_Work to be completed_
In the records below, find each line with "block" and copy it.

>>>>>

lemma quadtree_node_dyadic:
  fixes R :: "'n::finite cell"
  assumes qt: "quadtree R T"
  shows "Q \<in> T \<Longrightarrow> 0 < snd Q \<Longrightarrow> \<exists>n v. Q = dyadic_cell R n v \<and> coarsen n v = 0 \<and>
           (\<forall>t\<le>n. dyadic_cell R t (coarsen (n - t) v) \<in> T)"
proof (induction Q rule: measure_induct_rule[where f = "\<lambda>Q. card {P \<in> T. snd Q < snd P}"])
  case (less Q)
  show ?case
  proof (cases "Q = R")
    case True
    with qt show ?thesis
      by (intro exI[of _ 0] exI[of _ 0]) (simp add: quadtree_def)
  next
    case False
    then obtain P where PT: "P \<in> T" and QP: "Q \<in> children P"
      using qt less.prems(1) by (auto simp: quadtree_def)
    have "snd Q = snd P / 2"
      using QP by (auto simp: children_def)
    with less.prems(2) have "snd Q < snd P" "0 < snd P"
      by auto
    moreover have "finite T"
      using qt by (simp add: quadtree_def)
    ultimately have "card {P' \<in> T. snd P < snd P'} < card {P' \<in> T. snd Q < snd P'}"
      using PT by (intro psubset_card_mono) auto
    then obtain n w where P: "P = dyadic_cell R n w" and w0: "coarsen n w = 0"
      and ancestors: "\<forall>t\<le>n. dyadic_cell R t (coarsen (n - t) w) \<in> T"
      using less.IH[of P] PT \<open>0 < snd P\<close> by blast
    obtain v where Q: "Q = dyadic_cell R (Suc n) v" and vw: "coarsen 1 v = w"
      using QP P children_dyadic_cell by metis
    have "coarsen (Suc n - t) v = coarsen (n - t) w" if "t \<le> n" for t
      using that by (simp add: vw[symmetric] Suc_diff_le)
    then have "\<forall>t\<le>Suc n. dyadic_cell R t (coarsen (Suc n - t) v) \<in> T"
      using ancestors Q less.prems(1) by (auto simp: le_Suc_eq)
    moreover have "coarsen (Suc n) v = 0"
      using w0 by (simp flip: vw)
    ultimately show ?thesis
      using Q by blast
  qed
qed

lemma exists_leaf_ancestor:
  fixes R :: "'n::finite cell"
  assumes qt: "quadtree R U" and v0: "coarsen n v = 0" and notin: "dyadic_cell R n v \<notin> U"
  shows "\<exists>t<n. leaf U (dyadic_cell R t (coarsen (n - t) v))"
proof -
  have "dyadic_cell R 0 (coarsen (n - 0) v) \<in> U"
    using qt v0 by (simp add: quadtree_def)
  then obtain t where t: "t < n" and anc: "dyadic_cell R t (coarsen (n - t) v) \<in> U"
    and child: "dyadic_cell R (Suc t) (coarsen (n - Suc t) v) \<notin> U"
    using ex_least_nat_less[of "\<lambda>t. dyadic_cell R t (coarsen (n - t) v) \<notin> U" n] notin
    by auto
  have "dyadic_cell R (Suc t) (coarsen (n - Suc t) v) \<in> children (dyadic_cell R t (coarsen (n - t) v))"
    using dyadic_cell_in_children[of R t "coarsen (n - Suc t) v"] t by (simp add: Suc_diff_Suc)
  then have "children (dyadic_cell R t (coarsen (n - t) v)) \<inter> U = {}"
    using qt anc child unfolding quadtree_def by blast
  then show ?thesis
    using t anc by (auto simp: leaf_def)
qed

definition int_neighbors :: "('n \<Rightarrow> int) \<Rightarrow> int \<Rightarrow> ('n \<Rightarrow> int) \<Rightarrow> int \<Rightarrow> bool" where
  "int_neighbors X s Y t \<longleftrightarrow> (\<exists>k. (X k + s = Y k \<or> Y k + t = X k) \<and>
     (\<forall>i. i \<noteq> k \<longrightarrow> max (X i) (Y i) < min (X i + s) (Y i + t)))"

lemma dyadic_cell_at_finer_level:
  fixes R :: "'n::finite cell"
  assumes "m \<le> p"
  shows "fst (dyadic_cell R m x) $ i = fst R $ i + snd R / 2 ^ p * real_of_int (2 ^ (p - m) * x $ i)"
    and "snd (dyadic_cell R m x) = snd R / 2 ^ p * real_of_int (2 ^ (p - m))"
proof -
  have "(2::real) ^ p = 2 ^ m * 2 ^ (p - m)"
    using assms by (simp flip: power_add)
  then show "fst (dyadic_cell R m x) $ i = fst R $ i + snd R / 2 ^ p * real_of_int (2 ^ (p - m) * x $ i)"
    and "snd (dyadic_cell R m x) = snd R / 2 ^ p * real_of_int (2 ^ (p - m))"
    by simp_all
qed

lemma neighbors_dyadic_cell_iff:
  fixes R :: "'n::finite cell"
  assumes R: "0 < snd R" and "p1 \<le> p" "p2 \<le> p"
  shows "neighbors (dyadic_cell R p1 x) (dyadic_cell R p2 y) \<longleftrightarrow>
    int_neighbors (\<lambda>i. 2 ^ (p - p1) * x $ i) (2 ^ (p - p1)) (\<lambda>i. 2 ^ (p - p2) * y $ i) (2 ^ (p - p2))"
proof -
  define h where "h = snd R / 2 ^ p"
  have "0 < h"
    using R by (simp add: h_def)
  then have less: "b + h * real_of_int X < b + h * real_of_int Y \<longleftrightarrow> X < Y"
    and eq: "b + h * real_of_int X = b + h * real_of_int Y \<longleftrightarrow> X = Y" for b X Y
    by simp_all
  have add: "b + h * real_of_int X + h * real_of_int Y = b + h * real_of_int (X + Y)" for b X Y
    by (simp add: algebra_simps)
  show ?thesis
    unfolding neighbors_def int_neighbors_def max_less_iff_conj min_less_iff_conj
    using assms(2,3) by (simp only: dyadic_cell_at_finer_level h_def[symmetric] add less eq)
qed

lemma int_div_eqI:
  fixes S b u :: int
  assumes "0 < S" "S * b \<le> u" "u < S * b + S"
  shows "u div S = b"
proof -
  have "u div S = (u - S * b + b * S) div S"
    by simp
  also have "\<dots> = b + (u - S * b) div S"
    using assms(1) by (intro div_mult_self1) simp
  also have "(u - S * b) div S = 0"
    using assms by (simp add: zdiv_eq_0_iff)
  finally show ?thesis
    by simp
qed

lemma int_neighbors_coarsen:
  fixes u y :: "'n \<Rightarrow> int" and s q :: int
  assumes s: "1 \<le> s" and q: "1 \<le> q" and nb: "int_neighbors u 1 (\<lambda>i. s * y i) s"
  shows "int_neighbors (\<lambda>i. s * q * (y i div q)) (s * q) u 1 \<or> (\<forall>i. u i div (s * q) = y i div q)"
proof -
  define S where "S = s * q"
  define b where "b i = y i div q" for i
  have "1 \<le> S"
    using mult_mono[of 1 s 1 q] s q by (simp add: S_def)
  have block: "S * b i \<le> s * y i \<and> s * y i + s \<le> S * b i + S" for i
  proof -
    have "q * b i \<le> y i" "y i + 1 \<le> q * b i + q"
      using q pos_mod_bound[of q "y i"] pos_mod_sign[of q "y i"] mult_div_mod_eq[of q "y i"]
      unfolding b_def by linarith+
    then have "s * (q * b i) \<le> s * y i" "s * (y i + 1) \<le> s * (q * b i + q)"
      using s by (simp_all add: mult_left_mono)
    then show ?thesis
      by (simp add: S_def algebra_simps)
  qed
  obtain k where touch: "u k + 1 = s * y k \<or> s * y k + s = u k"
    and overlap: "\<forall>i. i \<noteq> k \<longrightarrow> max (u i) (s * y i) < min (u i + 1) (s * y i + s)"
    using nb unfolding int_neighbors_def by blast
  have inside: "S * b i \<le> u i \<and> u i < S * b i + S" if "i \<noteq> k" for i
    using overlap that block[of i] by auto
  consider "S * b k + S = u k \<or> u k + 1 = S * b k" | "S * b k \<le> u k \<and> u k < S * b k + S"
    using touch block[of k] s by fastforce
  then show ?thesis
  proof cases
    case 1
    with inside have "int_neighbors (\<lambda>i. S * b i) S u 1"
      unfolding int_neighbors_def by (intro exI[of _ k]) auto
    then show ?thesis
      by (simp add: S_def b_def)
  next
    case 2
    with inside have "u i div S = b i" for i
      using \<open>1 \<le> S\<close> by (cases "i = k") (auto intro: int_div_eqI)
    then show ?thesis
      by (simp add: S_def b_def)
  qed
qed

lemma neighbor_ancestor_cases:
  fixes R :: "'n::finite cell"
  assumes R: "0 < snd R" and "n \<le> p" "t \<le> n"
    and nb: "neighbors (dyadic_cell R p u) (dyadic_cell R n v)"
  shows "neighbors (dyadic_cell R t (coarsen (n - t) v)) (dyadic_cell R p u) \<or>
    coarsen (p - t) u = coarsen (n - t) v"
proof -
  have "int_neighbors (\<lambda>i. u $ i) 1 (\<lambda>i. 2 ^ (p - n) * v $ i) (2 ^ (p - n))"
    using nb neighbors_dyadic_cell_iff[OF R, of p p n u v] assms by simp
  then have "int_neighbors (\<lambda>i. 2 ^ (p - n) * 2 ^ (n - t) * (v $ i div 2 ^ (n - t))) (2 ^ (p - n) * 2 ^ (n - t)) (\<lambda>i. u $ i) 1 \<or>
      (\<forall>i. u $ i div (2 ^ (p - n) * 2 ^ (n - t)) = v $ i div 2 ^ (n - t))"
    by (rule int_neighbors_coarsen[rotated 2]) simp_all
  moreover have "(2::int) ^ (p - n) * 2 ^ (n - t) = 2 ^ (p - t)"
    using assms by (simp flip: power_add)
  ultimately show ?thesis
    using neighbors_dyadic_cell_iff[OF R, of t p p "coarsen (n - t) v" u] assms
    by (simp add: coarsen_def vec_eq_iff)
qed

lemma neighbors_snd_pos:
  fixes C D :: "'n::finite cell"
  assumes nb: "neighbors C D" and card: "2 \<le> CARD('n)"
  shows "0 < snd C" and "0 < snd D"
proof -
  obtain k where overlap: "\<forall>i. i \<noteq> k \<longrightarrow> max (fst C $ i) (fst D $ i) < min (fst C $ i + snd C) (fst D $ i + snd D)"
    using nb unfolding neighbors_def by blast
  have "UNIV \<noteq> {k}"
  proof
    assume "UNIV = {k}"
    then have "CARD('n) = card {k}"
      by (simp only:)
    with card show False
      by simp
  qed
  then obtain i where "i \<noteq> k"
    by blast
  with overlap show "0 < snd C" and "0 < snd D"
    by auto
qed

<<<<<

_Exercise answer_
  have block: "S * b i \<le> s * y i \<and> s * y i + s \<le> S * b i + S" for i
    using overlap that block[of i] by auto
    using touch block[of k] s by fastforce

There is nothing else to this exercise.